As populações a nível mundial, e até a civilização como a conhecemos, estão perante um problema grave: a população em número quase estável durante mil e oitocentos anos, aumentou dos mil milhões de seres humanos em 1800, para os atuais 8 mil milhões, isto em apenas 223 anos. Consequentemente as necessidades energéticas vão aumentar, e sem medidas adequadas vão aumentar os gases com efeito de estufa, a contaminação dos solos e dos oceanos. As próprias energias renováveis não são isentas de impactos ambientais significativos.
Entretanto o Planeta fará a sua parte e as alterações climáticas que lhe são inerentes por natureza. Nem que seja para se livrar desta espécie humana – através de uma pandemia provocada por um qualquer vírus preservado nos gelos que agora se fundem e para a qual a Ciência poderá não ter resposta de cura – raça que o incomoda com testes de bombas atómicas e lhe faz “comichão” com os seus produtos poluentes da indústria, produtos que nos proporcionam conforto e falsa sensação de poder económico, mas de produção poluente e cuja pretensa reciclagem mais não é do que despejar toneladas de resíduos não recicláveis em locais geográficos remotos, onde como “o olhar não vê, o coração não sente”.
Por mim, quero ouvir o que os “Velhos do Restelo” têm para dizer, assim como associações ambientalistas abertas ao diálogo e consensos, especialistas em energia e ambiente, especialistas em economia reciclável, profissionais de saúde pública e tantos outros, que fazem falta para contribuírem para a solução do problema. A solução para a crise energética que se avizinha face ao crescimento vertiginoso da população e do impacto ambiental que daí resulta, necessita da competência, entusiasmo e participação de todos quantos são adeptos do diálogo para se conseguir uma solução racional.

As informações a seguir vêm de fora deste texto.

(* Let $R$ be a generalized Krull domain and let $S$ be an overring of $R$ such that $R \subseteq S$ satisfies going-down. Let $\Delta$ be the set of height one primes $\mathfrak{p}$ of $R$ with $\mathfrak{p}S \neq S$. Then $S = \bigcap_{\mathfrak{p} \in \Delta} R_{\mathfrak{p}}$.
   Context: All rings are commutative with identity; an overring of a domain $R$ is a ring between $R$ and its fraction field. A ring extension $A \subseteq B$ satisfies going-down if whenever $\mathfrak{p} \subset \mathfrak{q}$ are primes of $A$ and $Q$ is a prime of $B$ with $Q \cap A = \mathfrak{q}$, there is a prime $P \subseteq Q$ of $B$ with $P \cap A = \mathfrak{p}$. A domain $R$ is a generalized Krull domain if (1) $R = \bigcap R_{\mathfrak{p}}$ over all height one primes $\mathfrak{p}$ of $R$, (2) every nonzero element of $R$ lies in only finitely many height one primes, and (3) $R_{\mathfrak{p}}$ is a valuation domain for every height one prime $\mathfrak{p}$. *)

theory Defs
  imports Main
begin

text \<open>Domains are represented as subrings of an ambient field 'a (every domain
embeds in its fraction field). All notions are relative to the subring.\<close>

definition subring :: "'a::field set \<Rightarrow> bool" where
  "subring R \<longleftrightarrow> 0 \<in> R \<and> 1 \<in> R \<and>
     (\<forall>x\<in>R. \<forall>y\<in>R. x + y \<in> R \<and> x - y \<in> R \<and> x * y \<in> R)"

definition frac :: "'a::field set \<Rightarrow> 'a set" where
  "frac R = {a / b | a b. a \<in> R \<and> b \<in> R \<and> b \<noteq> 0}"

definition overring :: "'a::field set \<Rightarrow> 'a set \<Rightarrow> bool" where
  "overring R S \<longleftrightarrow> subring S \<and> R \<subseteq> S \<and> S \<subseteq> frac R"

definition prime_ideal :: "'a::field set \<Rightarrow> 'a set \<Rightarrow> bool" where
  "prime_ideal R P \<longleftrightarrow> P \<subseteq> R \<and> 0 \<in> P \<and>
     (\<forall>x\<in>P. \<forall>y\<in>P. x + y \<in> P) \<and>
     (\<forall>r\<in>R. \<forall>x\<in>P. r * x \<in> P) \<and>
     P \<noteq> R \<and>
     (\<forall>a\<in>R. \<forall>b\<in>R. a * b \<in> P \<longrightarrow> a \<in> P \<or> b \<in> P)"

definition height_one :: "'a::field set \<Rightarrow> 'a set \<Rightarrow> bool" where
  "height_one R P \<longleftrightarrow> prime_ideal R P \<and> P \<noteq> {0} \<and>
     (\<forall>Q. prime_ideal R Q \<and> Q \<subseteq> P \<longrightarrow> Q = {0} \<or> Q = P)"

definition loc :: "'a::field set \<Rightarrow> 'a set \<Rightarrow> 'a set" where
  "loc R P = {a / b | a b. a \<in> R \<and> b \<in> R \<and> b \<notin> P}"

definition valuation_domain :: "'a::field set \<Rightarrow> bool" where
  "valuation_domain V \<longleftrightarrow> subring V \<and>
     (\<forall>x\<in>frac V. x \<noteq> 0 \<longrightarrow> x \<in> V \<or> inverse x \<in> V)"

definition generalized_krull :: "'a::field set \<Rightarrow> bool" where
  "generalized_krull R \<longleftrightarrow> subring R \<and>
     R = {x \<in> frac R. \<forall>P. height_one R P \<longrightarrow> x \<in> loc R P} \<and>
     (\<forall>x\<in>R. x \<noteq> 0 \<longrightarrow> finite {P. height_one R P \<and> x \<in> P}) \<and>
     (\<forall>P. height_one R P \<longrightarrow> valuation_domain (loc R P))"

definition ext_ideal :: "'a::field set \<Rightarrow> 'a set \<Rightarrow> 'a set" where
  "ext_ideal P S = {\<Sum>i<(n::nat). p i * s i | n p s. \<forall>i<n. p i \<in> P \<and> s i \<in> S}"

definition going_down :: "'a::field set \<Rightarrow> 'a set \<Rightarrow> bool" where
  "going_down A B \<longleftrightarrow> (\<forall>p q Q. prime_ideal A p \<and> prime_ideal A q \<and> p \<subset> q \<and>
       prime_ideal B Q \<and> Q \<inter> A = q \<longrightarrow>
       (\<exists>P. prime_ideal B P \<and> P \<subseteq> Q \<and> P \<inter> A = p))"

end

theory Submission
  imports Defs
begin

text \<open>
  For \<open>p \<in> \<Delta>\<close>, a prime of \<open>S\<close> containing \<open>pS\<close> contracts to a prime containing \<open>p\<close>, and going-down
  yields a prime \<open>P\<close> of \<open>S\<close> lying over \<open>p\<close> itself. Since \<open>R\<^sub>p\<close> is a valuation ring, an element of
  \<open>S\<close> outside \<open>R\<^sub>p\<close> has the form \<open>f/e\<close> with \<open>e \<in> p\<close>, \<open>f \<notin> p\<close>, and then \<open>f = (f/e) e \<in> P \<inter> R = p\<close>.

  Conversely let \<open>x\<close> lie in all \<open>R\<^sub>p\<close>, \<open>p \<in> \<Delta>\<close>, but not in \<open>S\<close>, and let \<open>Q\<close> be a prime of \<open>S\<close>
  containing the conductor \<open>{s \<in> S. s x \<in> S}\<close>. Every height one prime \<open>p \<subseteq> Q \<inter> R\<close> lifts into \<open>Q\<close>
  by going-down, so \<open>p \<in> \<Delta>\<close>. In a generalized Krull domain this forces \<open>x \<in> R\<^bsub>Q \<inter> R\<^esub>\<close>: only
  finitely many height one primes \<open>p\<close> miss \<open>x\<close>, none of them inside \<open>Q \<inter> R\<close>, and for each of them
  a power of some \<open>s \<in> p - Q\<close> moves \<open>x\<close> into \<open>R\<^sub>p\<close>, because the radical of any nonzero principal
  ideal of \<open>R\<^sub>p\<close> is the maximal ideal. A denominator \<open>d \<notin> Q\<close> of \<open>x\<close> then lies in the conductor.
\<close>

section \<open>Subrings, ideals and Krull's lemma\<close>

lemma subring_zero: "subring R \<Longrightarrow> 0 \<in> R"
  by (simp add: subring_def)

lemma subring_one: "subring R \<Longrightarrow> 1 \<in> R"
  by (simp add: subring_def)

lemma subring_add: "subring R \<Longrightarrow> x \<in> R \<Longrightarrow> y \<in> R \<Longrightarrow> x + y \<in> R"
  by (simp add: subring_def)

lemma subring_mult: "subring R \<Longrightarrow> x \<in> R \<Longrightarrow> y \<in> R \<Longrightarrow> x * y \<in> R"
  by (simp add: subring_def)

lemma subring_power: "subring R \<Longrightarrow> x \<in> R \<Longrightarrow> x ^ n \<in> R"
  by (induction n) (auto simp: subring_one subring_mult)

lemma subring_prod:
  "finite F \<Longrightarrow> subring R \<Longrightarrow> (\<And>i. i \<in> F \<Longrightarrow> f i \<in> R) \<Longrightarrow> prod f F \<in> R"
  by (induction F rule: finite_induct) (auto simp: subring_one subring_mult)

lemma frac_mult:
  assumes R: "subring R" and d: "d \<in> R" and x: "x \<in> frac R"
  shows "d * x \<in> frac R"
proof -
  obtain a b where ab: "a \<in> R" "b \<in> R" "b \<noteq> 0" "x = a / b"
    using x by (auto simp: frac_def)
  then have "d * x = (d * a) / b" by simp
  moreover have "d * a \<in> R" using subring_mult[OF R d ab(1)] .
  ultimately show ?thesis using ab unfolding frac_def by blast
qed

definition ideal :: "'a::field set \<Rightarrow> 'a set \<Rightarrow> bool" where
  "ideal S J \<longleftrightarrow> J \<subseteq> S \<and> 0 \<in> J \<and> (\<forall>x\<in>J. \<forall>y\<in>J. x + y \<in> J) \<and> (\<forall>r\<in>S. \<forall>x\<in>J. r * x \<in> J)"

lemma ideal_carrier: "subring S \<Longrightarrow> ideal S S"
  by (simp add: ideal_def subring_def)

lemma prime_ideal_imp_ideal: "prime_ideal S P \<Longrightarrow> ideal S P"
  by (simp add: ideal_def prime_ideal_def)

lemma ideal_sum_lessThan:
  fixes n :: nat
  shows "ideal S J \<Longrightarrow> (\<And>i. i < n \<Longrightarrow> f i \<in> J) \<Longrightarrow> (\<Sum>i<n. f i) \<in> J"
  by (induction n) (auto simp: ideal_def)

lemma ideal_eq_carrier_if_one:
  assumes J: "ideal S J" and one: "1 \<in> J"
  shows "J = S"
proof -
  have "s * 1 \<in> J" if "s \<in> S" for s
    using J one that unfolding ideal_def by blast
  then have "S \<subseteq> J" by auto
  then show ?thesis using J by (auto simp: ideal_def)
qed

lemma ideal_Union_chain:
  assumes ne: "C \<noteq> {}" and ideals: "\<And>J. J \<in> C \<Longrightarrow> ideal S J"
    and chain: "\<forall>X\<in>C. \<forall>Y\<in>C. X \<subseteq> Y \<or> Y \<subseteq> X"
  shows "ideal S (\<Union>C)"
  unfolding ideal_def
proof (intro conjI ballI)
  show "\<Union>C \<subseteq> S" using ideals unfolding ideal_def by blast
  obtain J where "J \<in> C" using ne by blast
  then show "0 \<in> \<Union>C" using ideals[OF \<open>J \<in> C\<close>] unfolding ideal_def by blast
next
  fix x y assume "x \<in> \<Union>C" "y \<in> \<Union>C"
  then obtain X Y where XY: "X \<in> C" "Y \<in> C" "x \<in> X" "y \<in> Y" by blast
  have "\<exists>Z\<in>C. x \<in> Z \<and> y \<in> Z"
    using chain XY by (metis subsetD)
  then obtain Z where Z: "Z \<in> C" "x \<in> Z" "y \<in> Z" by blast
  then show "x + y \<in> \<Union>C" using ideals[OF Z(1)] unfolding ideal_def by blast
next
  fix r x assume r: "r \<in> S" and "x \<in> \<Union>C"
  then obtain X where X: "X \<in> C" "x \<in> X" by blast
  then show "r * x \<in> \<Union>C" using ideals[OF X(1)] r unfolding ideal_def by blast
qed

lemma ideal_add_multiples:
  assumes S: "subring S" and M: "ideal S M" and a: "a \<in> S"
  shows "ideal S {m + a * s | m s. m \<in> M \<and> s \<in> S}" (is "ideal S ?J")
  unfolding ideal_def
proof (intro conjI ballI)
  show "?J \<subseteq> S"
    using M a S by (auto simp: ideal_def subring_add subring_mult)
  have "0 = 0 + a * 0" by simp
  then show "0 \<in> ?J" using M subring_zero[OF S] unfolding ideal_def by blast
next
  fix x y assume "x \<in> ?J" "y \<in> ?J"
  then obtain m s m' s' where "m \<in> M" "s \<in> S" "m' \<in> M" "s' \<in> S"
    and "x = m + a * s" "y = m' + a * s'"
    by blast
  moreover from this have "x + y = (m + m') + a * (s + s')"
    by (simp add: algebra_simps)
  ultimately show "x + y \<in> ?J"
    using M S unfolding ideal_def by (blast intro: subring_add)
next
  fix r x assume r: "r \<in> S" and "x \<in> ?J"
  then obtain m s where "m \<in> M" "s \<in> S" "x = m + a * s" by blast
  moreover from this have "r * x = r * m + a * (r * s)"
    by (simp add: algebra_simps)
  ultimately show "r * x \<in> ?J"
    using M S r unfolding ideal_def by (blast intro: subring_mult)
qed

lemma maximal_ideal_prime:
  assumes S: "subring S" and M: "ideal S M" and one: "1 \<notin> M"
    and maximal: "\<And>J. ideal S J \<Longrightarrow> M \<subseteq> J \<Longrightarrow> 1 \<notin> J \<Longrightarrow> J = M"
  shows "prime_ideal S M"
proof -
  have comaximal: "\<exists>m\<in>M. \<exists>s\<in>S. 1 = m + a * s" if a: "a \<in> S" "a \<notin> M" for a
  proof -
    let ?J = "{m + a * s | m s. m \<in> M \<and> s \<in> S}"
    have "m = m + a * 0" "a = 0 + a * 1" for m by simp_all
    then have "M \<subseteq> ?J" "a \<in> ?J"
      using M subring_zero[OF S] subring_one[OF S] unfolding ideal_def by blast+
    then have "1 \<in> ?J"
      using maximal[OF ideal_add_multiples[OF S M a(1)]] a(2) by blast
    then show ?thesis by blast
  qed
  have "a \<in> M \<or> b \<in> M" if ab: "a \<in> S" "b \<in> S" "a * b \<in> M" for a b
  proof (rule ccontr)
    assume "\<not> (a \<in> M \<or> b \<in> M)"
    then obtain m1 s1 m2 s2 where "m1 \<in> M" "s1 \<in> S" "1 = m1 + a * s1"
      and "m2 \<in> M" "s2 \<in> S" "1 = m2 + b * s2"
      using comaximal ab by meson
    moreover from this have "1 = m1 + (a * s1 * m2 + (s1 * s2) * (a * b))"
      by (metis (no_types, lifting) distrib_left mult.assoc mult.left_commute mult.right_neutral)
    ultimately have "1 \<in> M"
      using M ab unfolding ideal_def by (metis subring_mult[OF S])
    then show False using one by simp
  qed
  then show ?thesis
    using M one subring_one[OF S] unfolding ideal_def prime_ideal_def by blast
qed

lemma ideal_subset_prime_ideal:
  assumes S: "subring S" and I: "ideal S I" and one: "1 \<notin> I"
  obtains Q where "prime_ideal S Q" "I \<subseteq> Q"
proof -
  let ?A = "{J. ideal S J \<and> I \<subseteq> J \<and> 1 \<notin> J}"
  have "\<exists>M\<in>?A. \<forall>J\<in>?A. M \<subseteq> J \<longrightarrow> J = M"
  proof (rule subset_Zorn_nonempty)
    show "?A \<noteq> {}" using I one by blast
  next
    fix C assume ne: "C \<noteq> {}" and "subset.chain ?A C"
    then have CA: "C \<subseteq> ?A" and chain: "\<forall>X\<in>C. \<forall>Y\<in>C. X \<subseteq> Y \<or> Y \<subseteq> X"
      by (auto simp: subset_chain_def)
    have "ideal S (\<Union>C)" using ideal_Union_chain[OF ne _ chain] CA by blast
    moreover have "I \<subseteq> \<Union>C" "1 \<notin> \<Union>C" using CA ne by blast+
    ultimately show "\<Union>C \<in> ?A" by blast
  qed
  then obtain M where M: "ideal S M" "I \<subseteq> M" "1 \<notin> M"
    and maximal: "\<forall>J\<in>?A. M \<subseteq> J \<longrightarrow> J = M"
    by blast
  have "prime_ideal S M"
  proof (rule maximal_ideal_prime[OF S M(1,3)])
    fix J assume "ideal S J" "M \<subseteq> J" "1 \<notin> J"
    then show "J = M" using maximal M(2) by blast
  qed
  then show thesis using that M(2) by blast
qed

lemma prime_ideal_zero: "prime_ideal S P \<Longrightarrow> 0 \<in> P"
  by (simp add: prime_ideal_def)

lemma prime_ideal_one_notin: "prime_ideal S P \<Longrightarrow> 1 \<notin> P"
  using ideal_eq_carrier_if_one[OF prime_ideal_imp_ideal] by (auto simp: prime_ideal_def)

lemma notin_prime_ideal_nonzero: "prime_ideal S P \<Longrightarrow> b \<notin> P \<Longrightarrow> b \<noteq> 0"
  using prime_ideal_zero by blast

lemma prime_ideal_mult_notin:
  "prime_ideal S P \<Longrightarrow> a \<in> S \<Longrightarrow> b \<in> S \<Longrightarrow> a \<notin> P \<Longrightarrow> b \<notin> P \<Longrightarrow> a * b \<notin> P"
  by (auto simp: prime_ideal_def)

lemma prime_ideal_power_notin:
  assumes P: "prime_ideal S P" and S: "subring S" and y: "y \<in> S" "y \<notin> P"
  shows "y ^ n \<notin> P"
  by (induction n)
    (use prime_ideal_one_notin[OF P] prime_ideal_mult_notin[OF P] subring_power[OF S] y in auto)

E se o setor financeiro vê aí um bom negócio, cabe-nos discernir que interesses estão em jogo, e em que responsabilidades financeiras os países se vão comprometer por intermédio dos seus Governos. E estar atentos que para o negócio pode valer tudo, inclusivamente o escárnio na imprensa e manipulações tendenciosas. Para esta atitude exige-se cidadãos participativos e políticos competentes. Ainda que possa ser também apelidado de “Velho do Restelo” (obrigado pela distinção), parece-me que esta imposição da mobilidade elétrica está atrelada a um bom negócio. O que é bom, desde que traga felicidade, prosperidade e paz de espírito às populações e assim todos ganham. É assim que se passa e que vai acontecer?